Carbon credits are failing to help with climate change - here's why
Briefly

Carbon credits are failing to help with climate change - here's why
"In practice, it's difficult to ensure that they represent real emissions reductions rather than 'hot air', with the claimed climate benefits existing only on paper. Equally challenging is ensuring that emission reductions are 'additional', meaning that they would not have occurred without the incentive provided by the sale of carbon credits. For projects credited for sequestering carbon, it is also crucial to ensure that the CO 2 is locked away permanently and not released back into the atmosphere later."
"Thus, offsets undermine decarbonization by enabling companies and countries to claim that emissions have been reduced when they have not. This results in more emissions, delays the phase-out of fossil fuels and diverts scarce resources to false solutions. Yet, climate-policy processes continue to rely on them.
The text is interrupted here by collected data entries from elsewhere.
(* The capacity region $\mathcal{C}_D$ of the deterministic many-to-one interference channel with gains $n_{ii}$ ($0\le i\le K$) and $n_{0i}$ ($1\le i\le K$) is contained in the set $\overline{\mathcal{C}}$ of nonnegative rate tuples $(r_0,\dots,r_K)$ satisfying the individual rate constraints $$r_i\le n_{ii},\qquad 0\le i\le K,$$ and the $2^K-1$ sum-rate constraints $$r_0+\sum_{i\in S}r_i\le f_{\rm free}(S)+\sum_{k=1}^{n_{00}}f_k(S),\qquad \varnothing\neq S\subseteq\{1,\dots,K\}.$$
   Context: Deterministic many-to-one interference channel: there are $K+1$ users $0,1,\dots,K$ with nonnegative integer gains $n_{ii}$ ($0\le i\le K$) and $n_{0i}$ ($1\le i\le K$); let $q=\max$ of all these gains. At each time the input of user $i$ is $x_i\in\mathbb{F}_2^q$, the outputs are $y_0=\sum_{j=0}^K \mathbf{S}^{q-n_{0j}}x_j$ (with $n_{00}$ the direct gain of user 0) and $y_i=\mathbf{S}^{q-n_{ii}}x_i$ for $1\le i\le K$, where arithmetic is over $\mathbb{F}_2$ and $\mathbf S$ is the $q\times q$ down-shift matrix (ones on the subdiagonal, zeros elsewhere). Each transmitter $i$ has an independent uniformly distributed message to be decoded by receiver $i$; the capacity region is the closure of the set of rate tuples (bits per channel use) for which the error probabilities can be made to vanish. Notation: $(a)^+=\max(a,0)$. For $1\le k\le n_{00}$ let $U_k=\{i:1\le i\le K,\ n_{0i}-n_{ii}<k\le n_{0i}\}$ (the users interfering at level $k$ of receiver 0). For $S\subseteq\{1,\dots,K\}$ let $f_k(S)=\max(|U_k\cap S|,1)$, $f_{\rm free}(i)=(n_{ii}-n_{0i})^+ +(n_{0i}-n_{00})^+$ and $f_{\rm free}(S)=\sum_{i\in S}f_{\rm free}(i)$. *)

theory Defs
  imports "HOL-Analysis.Analysis"
begin

text \<open>Gains are given by n :: nat => nat => nat: n i i is the direct gain n_ii (0 <= i <= K),
  n 0 i is the cross gain n_0i (1 <= i <= K).  Vectors of F_2^q are functions nat => bool
  (only indices < q matter, index 0 = top level); False/True = 0/1 in F_2.
  Rate tuples are functions nat => real, with r i = 0 for i > K (product topology).\<close>

definition qmax :: "nat \<Rightarrow> (nat \<Rightarrow> nat \<Rightarrow> nat) \<Rightarrow> nat" where
  "qmax K n = Max ({n i i | i. i \<le> K} \<union> {n 0 i | i. 1 \<le> i \<and> i \<le> K})"

text \<open>(S^m x) for the q x q down-shift matrix S (ones on the subdiagonal).\<close>
definition shiftv :: "nat \<Rightarrow> nat \<Rightarrow> (nat \<Rightarrow> bool) \<Rightarrow> nat \<Rightarrow> bool" where
  "shiftv q m x r = (r < q \<and> m \<le> r \<and> x (r - m))"

definition chan_out :: "nat \<Rightarrow> (nat \<Rightarrow> nat \<Rightarrow> nat) \<Rightarrow> nat \<Rightarrow> (nat \<Rightarrow> nat \<Rightarrow> bool) \<Rightarrow> nat \<Rightarrow> bool" where
  "chan_out K n i x =
     (if i = 0 then (\<lambda>r. odd (card {j \<in> {0..K}. shiftv (qmax K n) (qmax K n - n 0 j) (x j) r}))
      else shiftv (qmax K n) (qmax K n - n i i) (x i))"

text \<open>A code of block length N: enc j w t = input vector of user j at time t for message w;
  dec i = decoder of receiver i applied to its received sequence (time => level => bit).\<close>
definition received :: "nat \<Rightarrow> (nat \<Rightarrow> nat \<Rightarrow> nat) \<Rightarrow> nat \<Rightarrow> (nat \<Rightarrow> nat \<Rightarrow> nat \<Rightarrow> nat \<Rightarrow> bool)
    \<Rightarrow> nat \<Rightarrow> (nat \<Rightarrow> nat) \<Rightarrow> nat \<Rightarrow> nat \<Rightarrow> bool" where
  "received K n N enc i w = (\<lambda>t. if t < N then chan_out K n i (\<lambda>j. enc j (w j) t) else (\<lambda>_. False))"

definition err_prob :: "nat \<Rightarrow> (nat \<Rightarrow> nat \<Rightarrow> nat) \<Rightarrow> nat \<Rightarrow> (nat \<Rightarrow> nat)
    \<Rightarrow> (nat \<Rightarrow> nat \<Rightarrow> nat \<Rightarrow> nat \<Rightarrow> bool) \<Rightarrow> (nat \<Rightarrow> (nat \<Rightarrow> nat \<Rightarrow> bool) \<Rightarrow> nat) \<Rightarrow> nat \<Rightarrow> real" where
  "err_prob K n N m enc dec i =
     real (card {w \<in> PiE {0..K} (\<lambda>j. {..<m j}). dec i (received K n N enc i w) \<noteq> w i})
     / real (\<Prod>j\<in>{0..K}. m j)"

definition achievable :: "nat \<Rightarrow> (nat \<Rightarrow> nat \<Rightarrow> nat) \<Rightarrow> (nat \<Rightarrow> real) \<Rightarrow> bool" where
  "achievable K n r \<longleftrightarrow> (\<forall>i. 0 \<le> r i) \<and> (\<forall>i>K. r i = 0) \<and>
     (\<forall>\<epsilon>>0. \<exists>N0. \<forall>N\<ge>N0. \<exists>m enc dec.
        (\<forall>i\<le>K. 2 powr (real N * r i) \<le> real (m i)) \<and>
        (\<forall>i\<le>K. err_prob K n N m enc dec i \<le> \<epsilon>))"

definition capacity_region :: "nat \<Rightarrow> (nat \<Rightarrow> nat \<Rightarrow> nat) \<Rightarrow> (nat \<Rightarrow> real) set" where
  "capacity_region K n = closure {r. achievable K n r}"

definition U :: "nat \<Rightarrow> (nat \<Rightarrow> nat \<Rightarrow> nat) \<Rightarrow> nat \<Rightarrow> nat set" where
  "U K n k = {i. 1 \<le> i \<and> i \<le> K \<and> n 0 i < k + n i i \<and> k \<le> n 0 i}"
The operationalization of Article 6 of the Paris agreement and full implementation of the Carbon Offsetting and Reduction Scheme for International Aviation, both achieved in 2024, are set to turbocharge demand for carbon credits."
Achieving the Paris temperature targets requires deep, rapid cuts in greenhouse-gas emissions and the swift phase-out of fossil fuels. Carbon offsets are tradable credits from projects claiming to avoid emissions or remove CO2, and are used by businesses and countries to neutralize their emissions. Most offset schemes fail to guarantee real, additional, and permanent reductions, producing 'hot air' and enabling greenwashing. This leakage increases actual emissions, delays fossil-fuel phase-out, and diverts resources to ineffective solutions. Recent operationalization of Article 6 and implementation of the aviation offset scheme in 2024 will boost demand for credits while domestic carbon-pricing and voluntary markets expand offset use despite weak assurances.